WORK REQUEST » State only the number of lines below where the word "grid" is found.

[Extracted records]

───

lemma indices_on_pline_aligned:
  assumes "l \<noteq> (0, 0, 0)" "{i, j, k} \<subseteq> indices_on (pline l)" "distinct [i, j, k]"
  shows "aligned i j k"
proof -
  have "i \<in> grid" "j \<in> grid" "k \<in> grid"
    "dot3 l (sext_vec i) = 0" "dot3 l (sext_vec j) = 0" "dot3 l (sext_vec k) = 0"
    using assms(2) by (auto simp: indices_on_pline)
  thus ?thesis
    using det3_eq_0_if_common_normal[OF assms(1)] det3_sext_vec_eq_0_iff assms(3) by blast
qed

lemma indices_on_block_line:
  assumes "i \<in> grid" "j \<in> grid" "k \<in> grid" "aligned i j k"
  shows "indices_on (pline (cross3 (sext_vec i) (sext_vec j))) = {i, j, k}"
proof -
  have "m \<in> {i, j, k} \<longleftrightarrow> det3 (sext_vec i) (sext_vec j) (sext_vec m) = 0" if "m \<in> grid" for m
  proof (cases "m \<in> {i, j}")
    case True thus ?thesis by (auto simp: det3_repeat)
  next
    case False
    hence "det3 (sext_vec i) (sext_vec j) (sext_vec m) = 0 \<longleftrightarrow> aligned i j m"
      using det3_sext_vec_eq_0_iff[of i j m] aligned_distinct[OF assms(4)] assms that by auto
    also have "\<dots> \<longleftrightarrow> m = k" using aligned_unique assms that by blast
    finally show ?thesis using False by auto
  qed
  thus ?thesis using assms by (auto simp: indices_on_pline dot3_cross3)
qed

lemma obtain_three_distinct:
  assumes "3 \<le> card A" obtains i j k where "{i, j, k} \<subseteq> A" "distinct [i, j, k]"
proof -
  obtain B where "B \<subseteq> A" "card B = 3" using obtain_subset_with_card_n[OF assms] by blast
  then obtain i j k where "B = {i, j, k}" "distinct [i, j, k]" by (auto simp: card_3_iff)
  thus ?thesis using that \<open>B \<subseteq> A\<close> by blast
qed

lemma indices_on_in_blocks:
  assumes "L \<in> plines" "3 \<le> card (indices_on L)"
  shows "indices_on L \<in> blocks"
proof -
  obtain l where l: "l \<noteq> (0, 0, 0)" "L = pline l" using assms(1) unfolding plines_def by blast
  obtain i j k where ijk: "{i, j, k} \<subseteq> indices_on L" "distinct [i, j, k]"
    using obtain_three_distinct[OF assms(2)] .
  have "i \<in> grid" "j \<in> grid" "k \<in> grid" using ijk(1) by (auto simp: indices_on_def)
  moreover have "aligned i j k" using indices_on_pline_aligned l ijk by blast
  moreover have "L = pline (cross3 (sext_vec i) (sext_vec j))"
    using pline_through_two_sext_points l ijk by auto
  ultimately show ?thesis using indices_on_block_line aligned_in_blocks by metis
qed

lemma block_line_exists:
  assumes "b \<in> blocks" shows "\<exists>L\<in>plines. indices_on L = b"
proof -
  obtain i j k where b: "b = {i, j, k}" "i \<in> grid" "j \<in> grid" "k \<in> grid" "aligned i j k"
    using assms unfolding blocks_def by blast
  have "cross3 (sext_vec i) (sext_vec j) \<noteq> (0, 0, 0)"
    using cross3_sext_vec_nonzero aligned_distinct[OF b(5)] b by simp
  thus ?thesis using indices_on_block_line b unfolding plines_def by blast
qed

lemma plines_eq_if_two_common:
  assumes "L \<in> plines" "L' \<in> plines" "{i, j} \<subseteq> indices_on L \<inter> indices_on L'" "i \<noteq> j"
  shows "L = L'"
proof -
  obtain l l' where l: "l \<noteq> (0, 0, 0)" "L = pline l" and l': "l' \<noteq> (0, 0, 0)" "L' = pline l'"
    using assms(1,2) unfolding plines_def by blast
  have "L = pline (cross3 (sext_vec i) (sext_vec j))"
    using pline_through_two_sext_points[OF l(1)] assms(3,4) l(2) by simp
  moreover have "L' = pline (cross3 (sext_vec i) (sext_vec j))"
    using pline_through_two_sext_points[OF l'(1)] assms(3,4) l'(2) by simp
  ultimately show ?thesis by simp
qed

lemma card_indices_on_le_3:
  assumes "L \<in> plines" shows "card (indices_on L) \<le> 3"
proof (rule ccontr)
  assume "\<not> card (indices_on L) \<le> 3"
  hence "indices_on L \<in> blocks" using indices_on_in_blocks assms by simp
  thus False using block_subset_card \<open>\<not> card (indices_on L) \<le> 3\<close> by simp
qed

lemma rich_lines_indices_on: "rich_lines = {L \<in> plines. 3 \<le> card (indices_on L)}"
  by (simp add: rich_lines_def card_inter_sextactic_pts)

lemma bij_betw_rich_lines_blocks: "bij_betw indices_on rich_lines blocks"
proof (rule bij_betw_imageI)
  show "inj_on indices_on rich_lines"
  proof (rule inj_onI)
    fix L L' assume L: "L \<in> rich_lines" "L' \<in> rich_lines" "indices_on L = indices_on L'"
    then obtain i j k where "{i, j, k} \<subseteq> indices_on L" "distinct [i, j, k]"
      using obtain_three_distinct unfolding rich_lines_indices_on by blast
    hence "{i, j} \<subseteq> indices_on L \<inter> indices_on L'" "i \<noteq> j" using L(3) by auto
    thus "L = L'" using plines_eq_if_two_common L(1,2) unfolding rich_lines_def by blast
  qed
  show "indices_on ` rich_lines = blocks"
  proof (intro equalityI subsetI)
    fix b assume "b \<in> indices_on ` rich_lines"
    thus "b \<in> blocks" using indices_on_in_blocks unfolding rich_lines_indices_on by blast
  next
    fix b assume "b \<in> blocks"
    then obtain L where "L \<in> plines" "indices_on L = b" using block_line_exists by blast
    moreover have "card b = 3" using block_subset_card \<open>b \<in> blocks\<close> by blast
    ultimately show "b \<in> indices_on ` rich_lines" unfolding rich_lines_indices_on by force
  qed
qed

lemma card_rich_lines: "card rich_lines = 81"
  using bij_betw_same_card[OF bij_betw_rich_lines_blocks] card_blocks by simp

lemma card_rich_line_sextactic_pts: "L \<in> rich_lines \<Longrightarrow> card (L \<inter> sextactic_pts) = 3"
  using bij_betw_apply[OF bij_betw_rich_lines_blocks] block_subset_card
  by (simp add: card_inter_sextactic_pts)

lemma card_rich_lines_through:
  assumes "p \<in> sextactic_pts" shows "card {L \<in> rich_lines. p \<in> L} = 9"
proof -
  obtain i where i: "i \<in> grid" "p = sext_point i" using assms sextactic_pts_eq by blast
  have "{L \<in> rich_lines. p \<in> L} = {L \<in> rich_lines. i \<in> indices_on L}"
    using i by (auto simp: indices_on_def)
  moreover have "bij_betw indices_on {L \<in> rich_lines. i \<in> indices_on L} {b \<in> blocks. i \<in> b}"
  proof (rule bij_betw_subset[OF bij_betw_rich_lines_blocks])
    show "indices_on ` {L \<in> rich_lines. i \<in> indices_on L} = {b \<in> blocks. i \<in> b}"
      using bij_betw_imp_surj_on[OF bij_betw_rich_lines_blocks] by blast
  qed blast
  ultimately have "card {L \<in> rich_lines. p \<in> L} = card {b \<in> blocks. i \<in> b}"
    by (simp add: bij_betw_same_card)
  thus ?thesis using card_blocks_through i(1) by simp
qed

lemma indices_on_Un: "indices_on (L \<union> L') = indices_on L \<union> indices_on L'"
  by (auto simp: indices_on_def)

lemma rich_lines_conic_components:
  "rich_lines = {L \<in> plines. \<exists>L' \<in> plines. card ((L \<union> L') \<inter> sextactic_pts) \<ge> 6}"
proof (intro equalityI subsetI)
  fix L assume L: "L \<in> rich_lines"
  have b: "indices_on L \<in> blocks" by (rule bij_betw_apply[OF bij_betw_rich_lines_blocks L])
  then obtain b' where b': "b' \<in> blocks" "indices_on L \<inter> b' = {}"
    using disjoint_block_exists by blast
  then obtain L' where "L' \<in> plines" "indices_on L' = b'" using block_line_exists by blast
  moreover have "card (indices_on L) = 3" "card b' = 3" using block_subset_card b b'(1) by auto
  ultimately have "card ((L \<union> L') \<inter> sextactic_pts) = 6"
    using b'(2) by (simp add: card_inter_sextactic_pts indices_on_Un card_Un_disjoint card_ge_0_finite)
  thus "L \<in> {L \<in> plines. \<exists>L' \<in> plines. card ((L \<union> L') \<inter> sextactic_pts) \<ge> 6}"
    using L \<open>L' \<in> plines\<close> unfolding rich_lines_def by (auto intro: bexI[where x = L'])
next
  fix L assume "L \<in> {L \<in> plines. \<exists>L' \<in> plines. card ((L \<union> L') \<inter> sextactic_pts) \<ge> 6}"
  then obtain L' where L: "L \<in> plines" "L' \<in> plines" "6 \<le> card (indices_on L \<union> indices_on L')"
    by (auto simp: card_inter_sextactic_pts indices_on_Un)
  moreover have "card (indices_on L \<union> indices_on L') \<le> card (indices_on L) + card (indices_on L')"
    by (rule card_Un_le)
  ultimately have "3 \<le> card (indices_on L)" using card_indices_on_le_3[OF L(2)] by linarith
  thus "L \<in> rich_lines" using L(1) unfolding rich_lines_indices_on by simp
qed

───

COMPLETED TASK » 6